As a Czech Jew whose family escaped to the U.S. following the communist takeover, she used the example of Czechoslovakia to highlight the dangers of taking democracy for granted. She stated that the communist takeover occurred because Czechoslovakia’s democratically elected leaders resigned upon facing problems, allowing the communists—who Albright equated to fascists—to take power.

“In many countries, people wait in lines to vote for the candidates, but a large number of Americans feel that their votes don’t count,” she said, and then joked, “When I voted for the first time, it was for John Kennedy [in Chicago] and that counted a lot.”

Albright said she wrote her book on fascism in part to help people, especially Americans, to understand the importance of taking action.

She also talked about the kind of behavior that fascist leaders show before rising to power: the willingness to scapegoat a certain group and criticize democratic institutions.

Albright particularly focused on how immigrants and foreigners are being scapegoated and how many leaders, including President Donald Trump, try to undermine the press and courts.

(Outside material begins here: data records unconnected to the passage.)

lemma CID_weight_ge_2:
  assumes card: "card V \<ge> 2" and f: "CID_function V E f"
  shows "weight V f \<ge> 2"
proof -
  have fin: "finite V" using card by (simp add: card_ge_0_finite)
  show ?thesis
  proof (cases "\<exists>v\<in>V. f v = 0")
  case True
  then obtain v where "v \<in> V" "f v = 0" by blast
  then have "2 \<le> sum f (nbhd V E v)" using f by (simp add: CID_function_def)
  also have "\<dots> \<le> sum f V" by (rule sum_mono2[OF fin]) (auto simp: nbhd_def)
  finally show ?thesis by (simp add: weight_def)
next
  case False
  then have "card V \<le> sum f V"
    using sum_mono[of V "\<lambda>_. 1" f] by (simp add: Suc_le_eq)
  then show ?thesis using card by (simp add: weight_def)
qed
qed

lemma gamma_cI_eq_2_if_CID_weight_2:
  assumes card: "card V \<ge> 2" and f: "CID_function V E f" and w: "weight V f = 2"
  shows "gamma_cI V E = 2"
proof -
  have fin: "finite V" using card by (simp add: card_ge_0_finite)
  obtain g where "CID_function V E g" and "weight V g = gamma_cI V E"
    using gamma_cI_attained[OF fin] .
  then have "gamma_cI V E \<ge> 2" using CID_weight_ge_2[OF card] by metis
  moreover have "gamma_cI V E \<le> 2" using gamma_cI_le[OF fin f] w by simp
  ultimately show ?thesis by simp
qed

lemma CID_weight_2_zero_adjacent_support:
  assumes fin: "finite V" and f: "CID_function V E f" and w: "weight V f = 2"
    and v: "v \<in> V" "f v = 0" and s: "s \<in> V" "f s \<noteq> 0"
  shows "E v s"
proof (rule ccontr)
  assume "\<not> E v s"
  then have "nbhd V E v \<subseteq> V - {s}" by (auto simp: nbhd_def)
  then have "sum f (nbhd V E v) \<le> sum f (V - {s})" by (intro sum_mono2) (use fin in auto)
  also have "\<dots> < 2" using s w by (simp add: sum_diff1_nat weight_def)
  moreover have "2 \<le> sum f (nbhd V E v)" using f v by (simp add: CID_function_def)
  ultimately show False by simp
qed

lemma CID_of_independent_join:
  assumes fin: "finite V" and join: "independent_join V E A B" and A: "card A \<in> {1, 2}"
  defines "f \<equiv> \<lambda>v. if v \<in> A then 2 div card A else 0"
  shows "CID_function V E f" and "weight V f = 2"
proof -
  have V: "V = A \<union> B" "A \<inter> B = {}" and finA: "finite A" and finB: "finite B"
    using join fin by (auto simp: independent_join_def)
  have pos: "2 div card A \<noteq> 0" using A by auto
  have "sum f A = sum (\<lambda>_. 2 div card A) A" by (rule sum.cong) (simp_all add: f_def)
  also have "\<dots> = 2" using A by auto
  finally have sumA: "sum f A = 2" .
  have zero: "f v = 0 \<longleftrightarrow> v \<in> B" if "v \<in> V" for v
    using that V pos by (auto simp: f_def)
  have "sum f B = 0" using V(2) by (intro sum.neutral) (auto simp: f_def)
  then show "weight V f = 2"
    using sumA V finA finB by (simp add: weight_def sum.union_disjoint)
  show "CID_function V E f"
    unfolding CID_function_def
  proof (intro conjI ballI impI)
    fix v assume "v \<in> V"
    show "f v \<le> 2" using A by (auto simp: f_def)
  next
    fix v assume "v \<in> V" "f v = 0"
    then have "A \<subseteq> nbhd V E v" using join zero by (auto simp: independent_join_def nbhd_def)
    then have "sum f A \<le> sum f (nbhd V E v)"
      by (intro sum_mono2) (use fin in \<open>auto simp: nbhd_def\<close>)
    then show "2 \<le> sum f (nbhd V E v)" using sumA by simp
  next
    fix u v assume "u \<in> V" "v \<in> V" "f u = 0 \<and> f v = 0"
    then show "\<not> E u v" using join zero by (auto simp: independent_join_def)
  qed
qed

Although she did not call Trump a fascist outright, she expressed disapproval of his acts to undermine the press and for not advocating for the values of democracy abroad.

As an example, she mentioned Trump’s visit to Poland, where the government took steps to lower the role of the judiciary, and she criticized him for not speaking against the Polish leaders.

“Instead of signaling the U.S. as a beacon of democracy, Trump really gives some credibility to those that, in their societies, are undermining their fragile democracies,” she said.

During the event’s Q&A session, UChicago first-year Sam Owens asked Albright about why Trump’s acts would be considered fascist when previous American presidents have scapegoated ethnic minorities and been hostile to immigrants, too.

While Albright said that Owens’ point was good, she argued that Trump has demonstrated “a combination of all those actions” that she would associate with fascist movements.

She ended the event by urging people to be active in the system and do something if they feel that democracy is threatened.